# Need Headphones for under Rs. 5,000



## aniket.cain (Apr 6, 2011)

I want to buy a new pair of Headphones for general usage. Mainly for listening to music and watching movies on my laptop. I listen to all types of songs, and have no particularly favorite genre. I would like a pair with good clarity and heavy bass. I'm using Klipsch Image X10i with my PMP and I love its sound. So plz suggest something which has equivalent detailed sound. Thanks.


----------



## Sid_hooda (Apr 7, 2011)

Not possible in under 5k. The X10 are some good IEM's and you'll need to spend atleast 7.3k for Audio Technica M50's which are the only decent comparable headphones ($150 headphones and $400 IEM's aren't exactly on par but they come close.)


----------



## aniket.cain (Apr 7, 2011)

In that case, I'm ready to extend the budget to about 8k. Any more suggestions?


----------



## Sid_hooda (Apr 7, 2011)

Under 8k ?
I'd go with the M50's as mentioned above. But if you just want a headphone with tons of bass as opposed to a more balanced headphone, then have a look at the Sony XB700 (sound wise, the M50's are closer to the X10 except for the mid-bass bump)

If i were you, the M50's would be my pick. The only worthwhile upgrade over it would be the Denon D2000 for 15k (Not really sure about the Ultrasone Hi-Fi 780 ~ 11k )


----------



## MegaMind (Apr 8, 2011)

Razer Megalodon Gaming Headset - 7.5K


----------



## desiibond (Apr 8, 2011)

no.
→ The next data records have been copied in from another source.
lemma measure_window_pairs_split:
  fixes T x H :: real
  assumes "2 * H \<le> x"
  defines "W \<equiv> window_pairs T x"
  shows "measure (M \<Otimes>\<^sub>M M) (W \<inter> {p. fst p \<le> H}) + measure (M \<Otimes>\<^sub>M M) (W \<inter> {p. snd p \<le> H})
           \<le> measure (M \<Otimes>\<^sub>M M) W"
    and "measure (M \<Otimes>\<^sub>M M) W
           \<le> measure (M \<Otimes>\<^sub>M M) (W \<inter> {p. fst p \<le> H}) + measure (M \<Otimes>\<^sub>M M) (W \<inter> {p. snd p \<le> H})
             + measure (M \<Otimes>\<^sub>M M) (W \<inter> {p. H < fst p \<and> H < snd p})"
proof -
  have sets: "W \<inter> {p. fst p \<le> H} \<in> sets (M \<Otimes>\<^sub>M M)" "W \<inter> {p. snd p \<le> H} \<in> sets (M \<Otimes>\<^sub>M M)"
    "W \<inter> {p. H < fst p \<and> H < snd p} \<in> sets (M \<Otimes>\<^sub>M M)" "W \<in> sets (M \<Otimes>\<^sub>M M)"
    unfolding W_def
    by (intro window_pairs_pair_sets window_pairs_Int_pair_sets borel_closed borel_open
        closed_Collect_le open_Collect_conj open_Collect_less continuous_intros)+
  have "(W \<inter> {p. fst p \<le> H}) \<inter> (W \<inter> {p. snd p \<le> H}) = {}"
    using assms by (auto simp: window_pairs_def)
  then have "measure (M \<Otimes>\<^sub>M M) (W \<inter> {p. fst p \<le> H}) + measure (M \<Otimes>\<^sub>M M) (W \<inter> {p. snd p \<le> H})
      = measure (M \<Otimes>\<^sub>M M) (W \<inter> {p. fst p \<le> H} \<union> W \<inter> {p. snd p \<le> H})"
    using sets by (simp add: pair.finite_measure_Union)
  also have "\<dots> \<le> measure (M \<Otimes>\<^sub>M M) W"
    using sets by (intro pair.finite_measure_mono) auto
  finally show "measure (M \<Otimes>\<^sub>M M) (W \<inter> {p. fst p \<le> H}) + measure (M \<Otimes>\<^sub>M M) (W \<inter> {p. snd p \<le> H})
      \<le> measure (M \<Otimes>\<^sub>M M) W" .
  have "W = (W \<inter> {p. fst p \<le> H} \<union> W \<inter> {p. snd p \<le> H}) \<union> W \<inter> {p. H < fst p \<and> H < snd p}"
    by auto
  then show "measure (M \<Otimes>\<^sub>M M) W
      \<le> measure (M \<Otimes>\<^sub>M M) (W \<inter> {p. fst p \<le> H}) + measure (M \<Otimes>\<^sub>M M) (W \<inter> {p. snd p \<le> H})
        + measure (M \<Otimes>\<^sub>M M) (W \<inter> {p. H < fst p \<and> H < snd p})"
    using sets measure_Un_le[of "W \<inter> {p. fst p \<le> H}" "M \<Otimes>\<^sub>M M" "W \<inter> {p. snd p \<le> H}"]
      measure_Un_le[of "W \<inter> {p. fst p \<le> H} \<union> W \<inter> {p. snd p \<le> H}" "M \<Otimes>\<^sub>M M"
        "W \<inter> {p. H < fst p \<and> H < snd p}"]
    by (simp add: pair.emeasure_eq_measure)
qed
Megalodon is junk. not much in it apart from brand name. Roccat Kave is much much better. also check these: 

beyerdynamic DJX-1
Grado SR80i


----------



## Sid_hooda (Apr 8, 2011)

Those are good headphone but the Sr80i's are a complete opposite of the M50/X10, amazing for rock/metal and acoustic but not so for bass heavy songs. 
DJX-1 is old and not in the same league.


----------



## aniket.cain (Apr 8, 2011)

I read somewhere that the mids in the M50 are overpowered by the lows in case of bass heavy songs. Though I mentioned that I wanted a headphone with a heavy bass, but still I would like to buy one which has neither of the mids or highs recessed. I have a Sennheiser HD 437 and I am almost satisfied by the power of the lows.


----------



## techplugger (Apr 8, 2011)

hea u can go for Sennheiser HD 215 headphone this is a dj headphone also or u  can also go for Senheiser  HD 25-SP-IIDYN Headphone but that cost rs 7987 but it is one of the best


----------



## Sid_hooda (Apr 8, 2011)

M50's have a good sub-bass which might give an impression that they're bass heavy.

IMO, they're the best headphones under 8k and will suit the X10's soung signature the most. The other options are the Sennheiser HD555 and HD448. 

Have a look at Head-Fi.org - Headphone forums and reviews for audiophiles and search for review of the headphones under consideration. It might helf you in deciding


----------



## aniket.cain (Apr 9, 2011)

How about Audio Technica AD700?


----------



## Sid_hooda (Apr 9, 2011)

The have VERY less bass but crystal clear Highs/Mids and a great soundstage


----------



## aniket.cain (Apr 9, 2011)

So except for the bass, are they better than the M50s?


----------